Fig. 15—Modified-Basketmaker diorama in the Museum at Mesa Verde National Park. (Courtesy Mesa Verde National Park.)

THE MODIFIED-BASKETMAKER PERIOD[1]

During the succeeding period, there was a continuation of the same [basic culture], but there was great development and sufficiently important changes occurred to warrant recognition by the application of another name. The later [phase] is known as the Modified-Basketmaker period or as Basketmaker III. Some archaeologists believe that the cultural changes were so great that it would have been better if the term “Basketmaker” had not been applied to both periods.

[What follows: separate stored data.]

(* Let $n\ge3$, $\xi\in[0,1]$, and consider the star-to-complete network with adjacency matrix $\mathbf A^\xi$, $\theta_i=1$ for all $i$, and $F(p)=p$ on $[0,1]$. If the optimal value of problem (P4) (mixed-autonomy system) is strictly greater than the optimal value of (P4) with the additional constraint $z_i=0$ for all $i$ (human-only system), then an optimal solution of the mixed-autonomy problem (P4) satisfies $z_i>0$ for all $i=1,\dots,n$.
   Context: Star-to-complete network: for $n\ge3$ and $\xi\in[0,1]$, $\mathbf A^\xi=[\alpha_{ij}]$ is the $n\times n$ matrix with $\alpha_{ii}=0$ for all $i$, $\alpha_{1j}=\frac1{n-1}$ for $j\ne1$, $\alpha_{i1}=c_1:=\frac{\xi}{n-1}+(1-\xi)$ for $i\ne1$, and $\alpha_{ij}=c_2:=\frac{\xi}{n-1}$ for $i,j\ne1$, $i\ne j$. Parameters: $\beta\in(0,1)$, $\omega>0$, $s\ge0$. Problem (P4): maximize over $\{p_i,\delta_i,x_i,y_{ij},z_i,r_{ij}\}$ the objective $\sum_i p_i\theta_i(1-F(p_i))-\omega\sum_i\delta_i-s\sum_i z_i$ subject to, for all $i$: $d_i=\theta_i(1-F(p_i))$; $x_i=\beta\big[\sum_j\alpha_{ji}\min\{x_j,d_j\}+\sum_j y_{ji}\big]+\delta_i$; $\sum_j y_{ij}=\max\{x_i-d_i,0\}$; $z_i=\sum_j\alpha_{ji}\max\{d_j-x_j,0\}+\sum_j r_{ji}$; $\sum_j r_{ij}=z_i-\max\{d_i-x_i,0\}$; all variables nonnegative. *)

theory Defs
  imports Complex_Main
begin

text \<open>Star-to-complete network on nodes 1..n (node 1 is the hub).\<close>
definition alpha :: "nat \<Rightarrow> real \<Rightarrow> nat \<Rightarrow> nat \<Rightarrow> real" where
  "alpha n \<xi> i j =
     (if i = j then 0
      else if i = 1 then 1 / (real n - 1)
      else if j = 1 then \<xi> / (real n - 1) + (1 - \<xi>)
      else \<xi> / (real n - 1))"

definition Funif :: "real \<Rightarrow> real" where
  "Funif p = max 0 (min 1 p)"

text \<open>Demand with theta_i = 1.\<close>
definition demand :: "real \<Rightarrow> real" where
  "demand p = 1 * (1 - Funif p)"

definition feasible_P4 ::
  "nat \<Rightarrow> real \<Rightarrow> real \<Rightarrow> (nat \<Rightarrow> real) \<Rightarrow> (nat \<Rightarrow> real) \<Rightarrow> (nat \<Rightarrow> real)
     \<Rightarrow> (nat \<Rightarrow> nat \<Rightarrow> real) \<Rightarrow> (nat \<Rightarrow> real) \<Rightarrow> (nat \<Rightarrow> nat \<Rightarrow> real) \<Rightarrow> bool" where
  "feasible_P4 n \<xi> \<beta> p \<delta> x y z r \<longleftrightarrow>
     (\<forall>i\<in>{1..n}.
        x i = \<beta> * ((\<Sum>j\<in>{1..n}. alpha n \<xi> j i * min (x j) (demand (p j)))
                    + (\<Sum>j\<in>{1..n}. y j i)) + \<delta> i
      \<and> (\<Sum>j\<in>{1..n}. y i j) = max (x i - demand (p i)) 0
      \<and> z i = (\<Sum>j\<in>{1..n}. alpha n \<xi> j i * max (demand (p j) - x j) 0)
              + (\<Sum>j\<in>{1..n}. r j i)
      \<and> (\<Sum>j\<in>{1..n}. r i j) = z i - max (demand (p i) - x i) 0
      \<and> p i \<ge> 0 \<and> \<delta> i \<ge> 0 \<and> x i \<ge> 0 \<and> z i \<ge> 0 \<and> demand (p i) \<ge> 0
      \<and> (\<forall>j\<in>{1..n}. y i j \<ge> 0 \<and> r i j \<ge> 0))"

definition obj_P4 ::
  "nat \<Rightarrow> real \<Rightarrow> real \<Rightarrow> (nat \<Rightarrow> real) \<Rightarrow> (nat \<Rightarrow> real) \<Rightarrow> (nat \<Rightarrow> real) \<Rightarrow> real" where
  "obj_P4 n \<omega> s p \<delta> z =
     (\<Sum>i\<in>{1..n}. p i * demand (p i)) - \<omega> * (\<Sum>i\<in>{1..n}. \<delta> i) - s * (\<Sum>i\<in>{1..n}. z i)"

definition optval_mixed :: "nat \<Rightarrow> real \<Rightarrow> real \<Rightarrow> real \<Rightarrow> real \<Rightarrow> real" where
  "optval_mixed n \<xi> \<beta> \<omega> s =
     Sup {obj_P4 n \<omega> s p \<delta> z | p \<delta> x y z r. feasible_P4 n \<xi> \<beta> p \<delta> x y z r}"

definition optval_human :: "nat \<Rightarrow> real \<Rightarrow> real \<Rightarrow> real \<Rightarrow> real \<Rightarrow> real" where
  "optval_human n \<xi> \<beta> \<omega> s =
     Sup {obj_P4 n \<omega> s p \<delta> z | p \<delta> x y z r. feasible_P4 n \<xi> \<beta> p \<delta> x y z r
                                        \<and> (\<forall>i\<in>{1..n}. z i = 0)}"

definition optimal_P4 ::
  "nat \<Rightarrow> real \<Rightarrow> real \<Rightarrow> real \<Rightarrow> real \<Rightarrow> (nat \<Rightarrow> real) \<Rightarrow> (nat \<Rightarrow> real) \<Rightarrow> (nat \<Rightarrow> real)
     \<Rightarrow> (nat \<Rightarrow> nat \<Rightarrow> real) \<Rightarrow> (nat \<Rightarrow> real) \<Rightarrow> (nat \<Rightarrow> nat \<Rightarrow> real) \<Rightarrow> bool" where
  "optimal_P4 n \<xi> \<beta> \<omega> s p \<delta> x y z r \<longleftrightarrow>
     feasible_P4 n \<xi> \<beta> p \<delta> x y z r \<and>
     (\<forall>p' \<delta>' x' y' z' r'. feasible_P4 n \<xi> \<beta> p' \<delta>' x' y' z' r' \<longrightarrow>
        obj_P4 n \<omega> s p' \<delta>' z' \<le> obj_P4 n \<omega> s p \<delta> z)"

end

theory Submission
  imports Defs
begin

(* (P4) reduces to a problem in the demands d_i = 1 - p_i and the parts m_i = min x_i d_i of
   them served by human-driven vehicles.  An optimal flow keeps exactly
   max m_i (beta * inflow m i) vehicles at node i, ships the idle surplus along a proportional
   transport plan, and serves the rest u = d - m autonomously, which needs at least
   max u_i (inflow u i) rebalancing vehicles at i.  If z_i = 0 at an optimum, no autonomous
   vehicle travels to i, so every node feeding i is served by humans alone.  Unless xi = 0 and
   i is a leaf, every node feeds i: the optimum is then human-only, contradicting the strict
   gap.  In the star (xi = 0) with a fully served hub, either autonomy is so expensive
   (omega (1 - beta) (1 + beta) <= 2 s) that full human service is at least as good, or
   first-order conditions for small changes of prices and stocks rule out a partially served
   leaf. *)

lemma sum_split_hub:
  fixes f :: "nat \<Rightarrow> 'a::comm_monoid_add"
  assumes "n \<ge> 1"
  shows "(\<Sum>i\<in>{1..n}. f i) = f 1 + (\<Sum>i\<in>{2..n}. f i)"
proof -
  have "{1..n} = insert 1 {2..n}" using assms by auto
  then show ?thesis by simp
qed

lemma sum_change_one:
  fixes f g :: "'b \<Rightarrow> 'a::ab_group_add"
  assumes "finite A" "j \<in> A" "\<And>l. l \<in> A \<Longrightarrow> l \<noteq> j \<Longrightarrow> g l = f l"
  shows "sum g A = sum f A - f j + g j"
proof -
  have "sum g A = g j + sum g (A - {j})" and "sum f A = f j + sum f (A - {j})"
    using assms(1,2) by (simp_all add: sum.remove)
  moreover have "sum g (A - {j}) = sum f (A - {j})"
    using assms(3) by (intro sum.cong) auto
  ultimately show ?thesis by simp
qed

lemma proportional_plan_marginals:
  fixes a b :: "'a \<Rightarrow> real"
  assumes "finite A" "\<forall>j\<in>A. 0 \<le> a j" "\<forall>j\<in>A. 0 \<le> b j" "sum a A = sum b A" "i \<in> A"
  shows "(\<Sum>j\<in>A. a i * b j / sum a A) = a i"
    and "(\<Sum>j\<in>A. a j * b i / sum a A) = b i"
proof -
  have "(\<Sum>j\<in>A. a i * b j / sum a A) = a i * sum b A / sum a A"
    and "(\<Sum>j\<in>A. a j * b i / sum a A) = sum a A * b i / sum a A"
    by (simp_all add: sum_divide_distrib[symmetric] sum_distrib_left sum_distrib_right)
  moreover have "a i = 0" "b i = 0" if "sum a A = 0"
    using that assms sum_nonneg_eq_0_iff[of A a] sum_nonneg_eq_0_iff[of A b] by auto
  ultimately show "(\<Sum>j\<in>A. a i * b j / sum a A) = a i" "(\<Sum>j\<in>A. a j * b i / sum a A) = b i"
    using assms(4) by (cases "sum a A = 0"; simp)+
qed

lemma first_order_nonpos:
  fixes a c :: real
  assumes "0 < a" "\<And>e. 0 < e \<Longrightarrow> e \<le> a \<Longrightarrow> e * (c - e) \<le> 0"
  shows "c \<le> 0"
proof (rule ccontr)
  assume "\<not> c \<le> 0"
  then have "0 < min a (c / 2)" "min a (c / 2) \<le> a" "0 < min a (c / 2) * (c - min a (c / 2))"
    using assms(1) by (auto intro!: mult_pos_pos)
  then show False
    using assms(2)[of "min a (c / 2)"] by linarith
qed

lemma alpha_nonneg:
  assumes "n \<ge> 2" "0 \<le> \<xi>" "\<xi> \<le> 1"
  shows "0 \<le> alpha n \<xi> i j"
  using assms unfolding alpha_def by (auto intro: add_nonneg_nonneg)

lemma alpha_pos:
  assumes "n \<ge> 2" "0 \<le> \<xi>" "\<xi> \<le> 1" "i \<noteq> j" "0 < \<xi> \<or> i = 1 \<or> j = 1"
  shows "0 < alpha n \<xi> i j"
proof -
  have "0 < \<xi> / (real n - 1) + (1 - \<xi>)"
    using assms by (cases "\<xi> = 1") (auto intro: add_nonneg_pos add_pos_nonneg)
  then show ?thesis
    using assms unfolding alpha_def by auto
qed

lemma alpha_row_sum:
  assumes "n \<ge> 2" "j \<in> {1..n}"
  shows "(\<Sum>i\<in>{1..n}. alpha n \<xi> j i) = 1"
proof (cases "j = 1")
  case True
  have "(\<Sum>i\<in>{2..n}. alpha n \<xi> 1 i) = (\<Sum>i\<in>{2..n}. 1 / (real n - 1))"
    by (rule sum.cong) (auto simp: alpha_def)
  then show ?thesis
    using True assms sum_split_hub[of n "alpha n \<xi> 1"] by (simp add: alpha_def)
next
  case False
  define a where "a = \<xi> / (real n - 1)"
  define f where "f i = (if i = 1 then a + (1 - \<xi>) else a)" for i :: nat
  have "(\<Sum>i\<in>{1..n}. alpha n \<xi> j i) = sum f {1..n} - f j + alpha n \<xi> j j"
    by (rule sum_change_one) (use assms False in \<open>auto simp: alpha_def a_def f_def\<close>)
  also have "sum f {1..n} = (\<Sum>i\<in>{1..n}. a) - a + f 1"
    by (rule sum_change_one) (use assms in \<open>auto simp: f_def\<close>)
  finally have "(\<Sum>i\<in>{1..n}. alpha n \<xi> j i) = (real n - 1) * a + (1 - \<xi>)"
    using False by (simp add: f_def alpha_def algebra_simps)
  then show ?thesis
    using assms unfolding a_def by simp
qed

definition inflow :: "nat \<Rightarrow> real \<Rightarrow> (nat \<Rightarrow> real) \<Rightarrow> nat \<Rightarrow> real" where
  "inflow n \<xi> v i = (\<Sum>j\<in>{1..n}. alpha n \<xi> j i * v j)"

lemma sum_inflow:
  assumes "n \<ge> 2"
  shows "(\<Sum>i\<in>{1..n}. inflow n \<xi> v i) = (\<Sum>j\<in>{1..n}. v j)"
proof -
  have "(\<Sum>i\<in>{1..n}. inflow n \<xi> v i) = (\<Sum>j\<in>{1..n}. (\<Sum>i\<in>{1..n}. alpha n \<xi> j i) * v j)"
    unfolding inflow_def by (subst sum.swap) (simp add: sum_distrib_right)
  then show ?thesis
    using alpha_row_sum[OF assms] by simp
qed

lemma inflow_nonneg:
  assumes "n \<ge> 2" "0 \<le> \<xi>" "\<xi> \<le> 1" "\<forall>j\<in>{1..n}. 0 \<le> v j"
  shows "0 \<le> inflow n \<xi> v i"
  unfolding inflow_def using assms alpha_nonneg[OF assms(1-3)] by (intro sum_nonneg) auto

lemma inflow_cong:
  "(\<And>j. j \<in> {1..n} \<Longrightarrow> v j = w j) \<Longrightarrow> inflow n \<xi> v i = inflow n \<xi> w i"
  unfolding inflow_def by (intro sum.cong) auto

lemma inflow_eq_zero_imp:
  assumes "n \<ge> 2" "0 \<le> \<xi>" "\<xi> \<le> 1" "\<forall>j\<in>{1..n}. 0 \<le> v j" "inflow n \<xi> v i = 0"
    and "j \<in> {1..n}" "0 < alpha n \<xi> j i"
  shows "v j = 0"
proof -
  have "\<forall>j\<in>{1..n}. alpha n \<xi> j i * v j = 0"
    using assms(5) alpha_nonneg[OF assms(1-3)] assms(4) unfolding inflow_def
    by (subst sum_nonneg_eq_0_iff[symmetric]) auto
  then show ?thesis
    using assms(6,7) by fastforce
qed

lemma inflow_star_hub:
  assumes "n \<ge> 2"
  shows "inflow n 0 v 1 = (\<Sum>l\<in>{2..n}. v l)"
proof -
  have "(\<Sum>l\<in>{2..n}. alpha n 0 l 1 * v l) = (\<Sum>l\<in>{2..n}. v l)"
    by (rule sum.cong) (auto simp: alpha_def)
  then show ?thesis
    unfolding inflow_def using assms sum_split_hub[of n "\<lambda>j. alpha n 0 j 1 * v j"]
    by (simp add: alpha_def)
qed

lemma inflow_star_leaf:
  assumes "n \<ge> 2" "l \<in> {2..n}"
  shows "inflow n 0 v l = v 1 / (real n - 1)"
proof -
  have "(\<Sum>j\<in>{2..n}. alpha n 0 j l * v j) = 0"
    by (rule sum.neutral) (use assms in \<open>auto simp: alpha_def\<close>)
  then show ?thesis
    unfolding inflow_def using assms sum_split_hub[of n "\<lambda>j. alpha n 0 j l * v j"]
    by (auto simp: alpha_def)
qed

The Modified Basketmaker period is marked by the beginning of a sedentary life and the establishment of regular communities. The essential continuity of the [culture] makes it difficult to assign specific dates to the period. A typical Basketmaker site is readily differentiated from a Modified Basketmaker site, but it is difficult to give a precise year for the time when the transition from one to the other occurred. The beginning is usually placed between 400 and 500 A. D. The earliest date yet established by tree-rings for a Modified-Basketmaker site is 475 A. D.[87] There is general agreement that, in most places, the Modified-Basketmaker period ended about 700 A. D., but some archaeologists place the terminal date as late as the ninth century for certain areas.

One difficulty in trying to establish fixed dates for cultural phases is that change and development were not equal in all areas. Dates which may be correct for the main, or nuclear, area may be entirely incorrect if applied to peripheral regions where development was slower and fewer changes were made. During Modified Basketmaker times the San Juan drainage was still the nuclear area, but the [culture] was quite widespread and extended north into Utah, as far west as southwestern Nevada, and south to the Little Colorado in Arizona, and beyond Zuñi in New Mexico.

The Modified Basketmakers usually lived in villages made up of irregularly grouped houses with granaries clustered about them. In some cases there were only a few dwellings, in others there were as many as a hundred. Houses were usually of the pit variety, sometimes built very close together but not contiguous. The earliest structures were circular, but later they became more oval and eventually a rectangular form prevailed. At first houses were entered through a passageway leading from the ground outside. Sometimes there was a small antechamber at the outer end of the entrance passage. The pit depth varied from three to five feet and the diameter of the structures ranged between nine and twenty-five feet. The pit walls were sometimes plastered, but more often they were lined with stone slabs. Occasionally a few rows of adobe bricks were placed over the slabs. In some cases a combination of slabs and plaster was used, in others, poles or reeds covered with mud formed the wainscoting.

Fig. 16—Modified-Basketmaker house after excavation. (Courtesy Mesa Verde National Park.)

The pit was covered by a conical or truncated superstructure with a hole in the center, designed to permit smoke to escape from the fireplace on the floor below. Later in the period the entrance passageways were so reduced in size as no longer to permit the passage of a human body, and entrance to the houses seems to have been through the hole or hatchway in the roof in which was placed a ladder leading to the room below. The roof surface may, in some cases, have provided extra living space since metates, manos, and pottery, have been found overlying roof timbers. Usually the basis of the superstructure was formed by four posts, imbedded in the floor, and supporting a platform of horizontal timbers. Smaller timbers or poles, set into the ground, leaned against the platform and others were laid horizontally across it. The whole was covered with mats or brush, then topped with a layer of plaster and earth reinforced with twigs, grass, and bark.